You see, Sostenuto Avenue, the main street running through town, is dying. It is a slow death that a few energetic people have tried to reverse in favor of growth. All attempts in this direction, however, have been in vain. There are more boarded up retail shops and businesses than operating ones. Undependable streetlamps, cracked and broken sidewalks, multiple bullet marks in traffic signs, litter strewn throughout the avenue. One can smell the putrid decay in the street amongst the sparse, lingering selection of shops.
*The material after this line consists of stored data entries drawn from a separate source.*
(* Let $X=\bigsqcup_{\lambda\in\Lambda}G_\lambda$ be an MCQ, $R$ a ring, $M$ a left $R$-module, and let $(f_1,f_2,f_3,f_4;\phi_1,\phi_2)$ be a 6-tuple of maps ($f_1,f_2:X\times X\to R$, $f_3,f_4:\bigsqcup_\lambda(G_\lambda\times G_\lambda)\to R$, $\phi_1:X\times X\to M$, $\phi_2:\bigsqcup_\lambda(G_\lambda\times G_\lambda)\to M$) satisfying conditions (0-i)–(4-$\phi$). Define $g_1,g_2:X\times X\to R$, $\psi_1:X\times X\to M$, $\psi_2:\bigsqcup_\lambda(G_\lambda\times G_\lambda)\to M$ by $g_1(x,y)=f_1(e_x,y)$, $g_2(x,y)=f_3(x\triangleleft y,\,x^{-1}\triangleleft y)\,f_2(x,y)\,f_3(e_y,y)$, $\psi_1(x,y)=f_3(x\triangleleft y,\,x^{-1}\triangleleft y)\,\phi_1(x,y)$, $\psi_2(a,b)=f_3(ab,\,b^{-1}a^{-1})\,\phi_2(a,b)$. Then $(g_1,g_2;\psi_1,\psi_2)$ is an augmented MCQ Alexander pair.
   Context: A multiple conjugation quandle (MCQ) is a set $X=\bigsqcup_{\lambda\in\Lambda}G_\lambda$ that is a disjoint union of groups $G_\lambda$, together with a binary operation $\triangleleft:X\times X\to X$ such that: (i) for all $a,b\in G_\lambda$, $a\triangleleft b=b^{-1}ab$; (ii) for all $x\in X$ and $a,b\in G_\lambda$, $x\triangleleft e_\lambda=x$ and $x\triangleleft(ab)=(x\triangleleft a)\triangleleft b$, where $e_\lambda$ is the identity of $G_\lambda$; (iii) for all $x,y,z\in X$, $(x\triangleleft y)\triangleleft z=(x\triangleleft z)\triangleleft(y\triangleleft z)$; (iv) for all $x\in X$ and $a,b\in G_\lambda$, the elements $a\triangleleft x$ and $b\triangleleft x$ lie in a common group $G_\mu$ and $(ab)\triangleleft x=(a\triangleleft x)(b\triangleleft x)$. For $x\in X$, $G_x$ denotes the group containing $x$, $e_x$ its identity, $x^{-1}$ the inverse of $x$ in $G_x$. $\bigsqcup_{\lambda}(G_\lambda\times G_\lambda)$ is the set of pairs of elements lying in a common group $G_\lambda$. Rings have a multiplicative identity $1\neq0$ and need not be commutative. Conditions (0-i)–(4-$\phi$) on a 6-tuple $(f_1,f_2,f_3,f_4;\phi_1,\phi_2)$: For all $\lambda$ and $a,b,c\in G_\lambda$: (0-i) $f_3(a,b)$, $f_4(a,b)$ invertible; (0-ii) $f_3(ab,c)f_3(a,b)=f_3(a,bc)$; (0-iii) $f_3(ab,c)f_4(a,b)=f_4(a,bc)f_3(b,c)$; (0-iv) $f_4(ab,c)=f_4(a,bc)f_4(b,c)$; (0-$\phi$) $f_3(ab,c)\phi_2(a,b)+\phi_2(ab,c)=f_4(a,bc)\phi_2(b,c)+\phi_2(a,bc)$. For all $a,b\in G_\lambda$: (1-i) $f_1(a,b)=f_4(b^{-1},ab)f_3(a,b)$; (1-ii) $f_3(b,b^{-1}ab)+f_4(b,b^{-1}ab)f_2(a,b)=f_4(a,b)$; (1-$\phi$) $f_4(b,b^{-1}ab)\phi_1(a,b)+\phi_2(b,b^{-1}ab)=\phi_2(a,b)$. For all $x\in X$, $a,b\in G_\lambda$: (2-i) $f_1(x,e_\lambda)=1$; (2-ii) $f_1(x,ab)=f_1(x\triangleleft a,b)f_1(x,a)$; (2-iii) $f_2(x,ab)f_3(a,b)=f_1(x\triangleleft a,b)f_2(x,a)$; (2-iv) $f_2(x,ab)f_4(a,b)=f_2(x\triangleleft a,b)$; (2-$\phi$i) $f_2(x,e_\lambda)\phi_2(e_\lambda,e_\lambda)=\phi_1(x,e_\lambda)$; (2-$\phi$ii) $f_2(x,ab)\phi_2(a,b)+\phi_1(x,ab)=f_1(x\triangleleft a,b)\phi_1(x,a)+\phi_1(x\triangleleft a,b)$. For all $x,y,z\in X$: (3-i) $f_1(x\triangleleft y,z)f_1(x,y)=f_1(x\triangleleft z,y\triangleleft z)f_1(x,z)$; (3-ii) $f_1(x\triangleleft y,z)f_2(x,y)=f_2(x\triangleleft z,y\triangleleft z)f_1(y,z)$; (3-iii) $f_2(x\triangleleft y,z)=f_1(x\triangleleft z,y\triangleleft z)f_2(x,z)+f_2(x\triangleleft z,y\triangleleft z)f_2(y,z)$; (3-$\phi$) $f_1(x\triangleleft y,z)\phi_1(x,y)+\phi_1(x\triangleleft y,z)=f_1(x\triangleleft z,y\triangleleft z)\phi_1(x,z)+f_2(x\triangleleft z,y\triangleleft z)\phi_1(y,z)+\phi_1(x\triangleleft z,y\triangleleft z)$. For all $a,b\in G_\lambda$, $x\in X$: (4-i) $f_1(ab,x)f_3(a,b)=f_3(a\triangleleft x,b\triangleleft x)f_1(a,x)$; (4-ii) $f_1(ab,x)f_4(a,b)=f_4(a\triangleleft x,b\triangleleft x)f_1(b,x)$; (4-iii) $f_2(ab,x)=f_3(a\triangleleft x,b\triangleleft x)f_2(a,x)+f_4(a\triangleleft x,b\triangleleft x)f_2(b,x)$; (4-$\phi$) $f_1(ab,x)\phi_2(a,b)+\phi_1(ab,x)=f_3(a\triangleleft x,b\triangleleft x)\phi_1(a,x)+f_4(a\triangleleft x,b\triangleleft x)\phi_1(b,x)+\phi_2(a\triangleleft x,b\triangleleft x)$. An MCQ Alexander pair is a pair of maps $g_1,g_2:X\times X\to R$ such that: (A1) for all $a,b\in G_\lambda$: $g_1(a,b)+g_2(a,b)=g_1(a,a^{-1}b)$; (A2) for all $a,b\in G_\lambda$, $x\in X$: $g_1(a,x)=g_1(b,x)$ and $g_2(ab,x)=g_2(a,x)+g_1(b\triangleleft x,a^{-1}\triangleleft x)g_2(b,x)$; (A3) for all $x\in X$, $a,b\in G_\lambda$: $g_1(x,e_\lambda)=1$, $g_1(x,ab)=g_1(x\triangleleft a,b)g_1(x,a)$, $g_2(x,ab)=g_1(x\triangleleft a,b)g_2(x,a)$; (A4) for all $x,y,z\in X$: $g_1(x\triangleleft y,z)g_1(x,y)=g_1(x\triangleleft z,y\triangleleft z)g_1(x,z)$; $g_1(x\triangleleft y,z)g_2(x,y)=g_2(x\triangleleft z,y\triangleleft z)g_1(y,z)$; $g_2(x\triangleleft y,z)=g_1(x\triangleleft z,y\triangleleft z)g_2(x,z)+g_2(x\triangleleft z,y\triangleleft z)g_2(y,z)$. For an MCQ Alexander pair $(g_1,g_2)$, a $(g_1,g_2)$-twisted 2-cocycle is a pair $\psi_1:X\times X\to M$, $\psi_2:\bigsqcup_\lambda(G_\lambda\times G_\lambda)\to M$ with: (T1) for $a,b,c\in G_\lambda$: $\psi_2(a,b)+\psi_2(ab,c)=g_1(a,a^{-1})\psi_2(b,c)+\psi_2(a,bc)$; (T2) for $a,b\in G_\lambda$: $g_1(b,b^{-1})\psi_1(a,b)+\psi_2(b,b^{-1}ab)=\psi_2(a,b)$; (T3) for $x\in X$, $a,b\in G_\lambda$: $g_2(x,ab)\psi_2(a,b)+\psi_1(x,ab)=g_1(x\triangleleft a,b)\psi_1(x,a)+\psi_1(x\triangleleft a,b)$; (T4) for $x,y,z\in X$: $g_1(x\triangleleft y,z)\psi_1(x,y)+\psi_1(x\triangleleft y,z)=g_1(x\triangleleft z,y\triangleleft z)\psi_1(x,z)+g_2(x\triangleleft z,y\triangleleft z)\psi_1(y,z)+\psi_1(x\triangleleft z,y\triangleleft z)$; (T5) for $a,b\in G_\lambda$, $x\in X$: $g_1(ab,x)\psi_2(a,b)+\psi_1(ab,x)=\psi_1(a,x)+g_1(a\triangleleft x,a^{-1}\triangleleft x)\psi_1(b,x)+\psi_2(a\triangleleft x,b\triangleleft x)$. $(g_1,g_2;\psi_1,\psi_2)$ is an augmented MCQ Alexander pair if $(g_1,g_2)$ is an MCQ Alexander pair and $(\psi_1,\psi_2)$ is a $(g_1,g_2)$-twisted 2-cocycle. *)

theory Defs
  imports Main
begin
subsection \<open>Entropy of states\<close>

lemma conj_diag_carrier [simp]:
  "Q \<in> carrier_mat n n \<Longrightarrow> Q * diag_real_mat n l * mat_adjoint Q \<in> carrier_mat n n"
  by (metis mult_carrier_mat diag_real_mat_carrier mat_adjoint_carrier)

lemma proots_linear_factors: "proots (\<Prod>a\<leftarrow>xs. [:- a, 1:]) = mset (xs :: complex list)"
proof (induction xs)
  case (Cons a xs)
  have nz: "(\<Prod>a\<leftarrow>xs. [:- a, 1:]) \<noteq> (0 :: complex poly)" by (auto simp: prod_list_zero_iff)
  have "proots (\<Prod>a\<leftarrow>a # xs. [:- a, 1:]) = proots ([:- a, 1:] * (\<Prod>a\<leftarrow>xs. [:- a, 1:]))" by simp
  also have "\<dots> = proots [:- a, 1:] + proots (\<Prod>a\<leftarrow>xs. [:- a, 1:])"
    by (rule proots_mult[OF _ nz]) simp
  finally show ?case using Cons.IH by (simp add: proots_linear_factor)
qed simp

lemma proots_char_poly_unitary_conj:
  assumes Q: "unitary n Q" and A: "A = Q * diag_real_mat n l * mat_adjoint Q"
  shows "proots (char_poly A) = mset (map (\<lambda>k. complex_of_real (l k)) [0..<n])"
proof -
  have "similar_mat_wit A (diag_real_mat n l) Q (mat_adjoint Q)"
    unfolding similar_mat_wit_def Let_def using unitaryD[OF Q] A by auto
  then have "char_poly A = char_poly (diag_real_mat n l)"
    by (intro char_poly_similar) (auto simp: similar_mat_def)
  also have "\<dots> = (\<Prod>a\<leftarrow>diag_mat (diag_real_mat n l). [:- a, 1:])"
    by (rule char_poly_upper_triangular[of _ n]) (auto simp: diag_real_mat_def upper_triangular_def)
  also have "diag_mat (diag_real_mat n l) = map (\<lambda>k. complex_of_real (l k)) [0..<n]"
    by (auto simp: diag_mat_def diag_real_mat_def)
  finally show ?thesis by (simp only: proots_linear_factors)
qed

lemma vn_entropy_unitary_conj:
  assumes "unitary n Q" and "A = Q * diag_real_mat n l * mat_adjoint Q"
  shows "vn_entropy A = (\<Sum>k<n. - (l k * ln (l k)))"
proof -
  have "image_mset (\<lambda>z. Re z * ln (Re z)) (mset (map (\<lambda>k. complex_of_real (l k)) [0..<n]))
      = image_mset (\<lambda>k. l k * ln (l k)) (mset_set {..<n})"
    by (simp add: mset_map mset_upt multiset.map_comp o_def atLeast0LessThan)
  then show ?thesis unfolding vn_entropy_def proots_char_poly_unitary_conj[OF assms]
    by (simp add: sum_unfold_sum_mset[symmetric] sum_negf)
qed

lemma trace_unitary_conj:
  assumes Q: "unitary n Q" and A: "A = Q * diag_real_mat n l * mat_adjoint Q"
  shows "(\<Sum>i<n. A $$ (i, i)) = complex_of_real (\<Sum>k<n. l k)"
proof -
  have "complex_of_real (\<Sum>k<n. l k) = (\<Sum>k<n. of_real (l k) * (\<Sum>i<n. cnj (Q $$ (i, k)) * Q $$ (i, k)))"
    using unitary_cols_orthonormal[OF Q] by simp
  also have "\<dots> = (\<Sum>i<n. \<Sum>k<n. Q $$ (i, k) * of_real (l k) * cnj (Q $$ (i, k)))"
    unfolding sum_distrib_left by (subst sum.swap) (auto intro!: sum.cong simp: mult_ac)
  also have "\<dots> = (\<Sum>i<n. A $$ (i, i))"
    unfolding A using unitaryD(1)[OF Q] by (intro sum.cong) (auto simp: index_conj_diag simp del: index_mult_mat)
  finally show ?thesis by simp
qed

lemma sum_rotate3:
  "(\<Sum>i\<in>A. \<Sum>j\<in>B. \<Sum>k\<in>C. f i j k) = (\<Sum>j\<in>B. \<Sum>k\<in>C. \<Sum>i\<in>A. f i j k)"
  by (subst sum.swap) (simp only: sum.swap[of _ A C])

lemma sum_bilinear_exchange:
  fixes l :: "'k \<Rightarrow> 'a :: comm_ring"
  shows "(\<Sum>k\<in>K. l k * ((\<Sum>x\<in>X. u x * A x k) * (\<Sum>x'\<in>X. v x' * B x' k)))
       = (\<Sum>x\<in>X. \<Sum>x'\<in>X. u x * v x' * (\<Sum>k\<in>K. A x k * l k * B x' k))"
proof -
  have "(\<Sum>k\<in>K. l k * ((\<Sum>x\<in>X. u x * A x k) * (\<Sum>x'\<in>X. v x' * B x' k)))
      = (\<Sum>k\<in>K. \<Sum>x\<in>X. \<Sum>x'\<in>X. u x * v x' * (A x k * l k * B x' k))"
    by (simp add: sum_product sum_distrib_left mult_ac, rule sum.cong[OF refl], rule sum.swap)
  also have "\<dots> = (\<Sum>x\<in>X. \<Sum>x'\<in>X. \<Sum>k\<in>K. u x * v x' * (A x k * l k * B x' k))"
    by (rule sum_rotate3)
  finally show ?thesis by (simp add: sum_distrib_left)
qed

lemma quadratic_form_conj_diag:
  assumes Q: "Q \<in> carrier_mat n n" and A: "A = Q * diag_real_mat n l * mat_adjoint Q"
    and v: "v \<in> carrier_vec n"
  shows "conjugate v \<bullet> (A *\<^sub>v v)
       = complex_of_real (\<Sum>k<n. l k * (cmod (\<Sum>i<n. cnj (v $ i) * Q $$ (i, k)))\<^sup>2)"
proof -
  have "conjugate v \<bullet> (A *\<^sub>v v) = (\<Sum>i<n. \<Sum>j<n. cnj (v $ i) * v $ j * A $$ (i, j))"
    using v A Q by (auto simp: scalar_prod_def atLeast0LessThan sum_distrib_left mult_ac intro!: sum.cong)
  also have "\<dots> = (\<Sum>i<n. \<Sum>j<n. cnj (v $ i) * v $ j * (\<Sum>k<n. Q $$ (i, k) * of_real (l k) * cnj (Q $$ (j, k))))"
    by (intro sum.cong refl) (simp add: A index_conj_diag[OF Q])
  also have "\<dots> = (\<Sum>k<n. of_real (l k) * ((\<Sum>i<n. cnj (v $ i) * Q $$ (i, k)) * (\<Sum>j<n. v $ j * cnj (Q $$ (j, k)))))"
    by (rule sum_bilinear_exchange[symmetric])
  also have "\<dots> = (\<Sum>k<n. complex_of_real (l k * (cmod (\<Sum>i<n. cnj (v $ i) * Q $$ (i, k)))\<^sup>2))"
    by (intro sum.cong refl)
      (simp only: of_real_mult complex_norm_square cnj_sum complex_cnj_mult complex_cnj_cnj mult.commute)
  finally show ?thesis by simp
qed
Still surviving is Avenue Source, a typical souvenir shop, selling all things Sostenuto Avenue. But not many people are in the market for a magnet depicting a two-lane road with a yellow line in the middle proclaiming “Sostenuto Avenue.” Likewise, the honeypots with Sostenuto Avenue written across them, seeing as one could not purchase fresh honey on Sostenuto Avenue. And forget about the fifty-dollar flip flops with Sostenuto Avenue written on them; the avenue is 500 miles from the nearest beach. Basically, Sostenuto Avenue produces nothing that can be sold as a souvenir. In the single souvenir shop, Cathy, the owner, orders from a Chinese catalog and has the avenue’s name printed on the generic items she sells.
Not that there are many tourists on Sostenuto Avenue. There are hardly any residents aside from me. But that doesn’t stop Cathy from doing her best to sell the avenue and make a living at it. Most of her income comes from locals who buy the town paper from her, as well as the local taffy they purchase, which actually comes from Salt Center, thirty miles distant.
The antique store is active though lacking revenue: locals regularly trade in their antiques for the more glamorous finds at the In-city Furniture Depot located just twenty-five miles west of Sostenuto Avenue. Floral fabrics took over leather and lace, and plastic and pressboard took over oak and mahogany. Eventually, the antique store took on too much inventory, believing they could make a killing on the great deals they were getting, but the few remaining residents of Sostenuto Avenue are now all shopping at IFD and there is little interest in antiques.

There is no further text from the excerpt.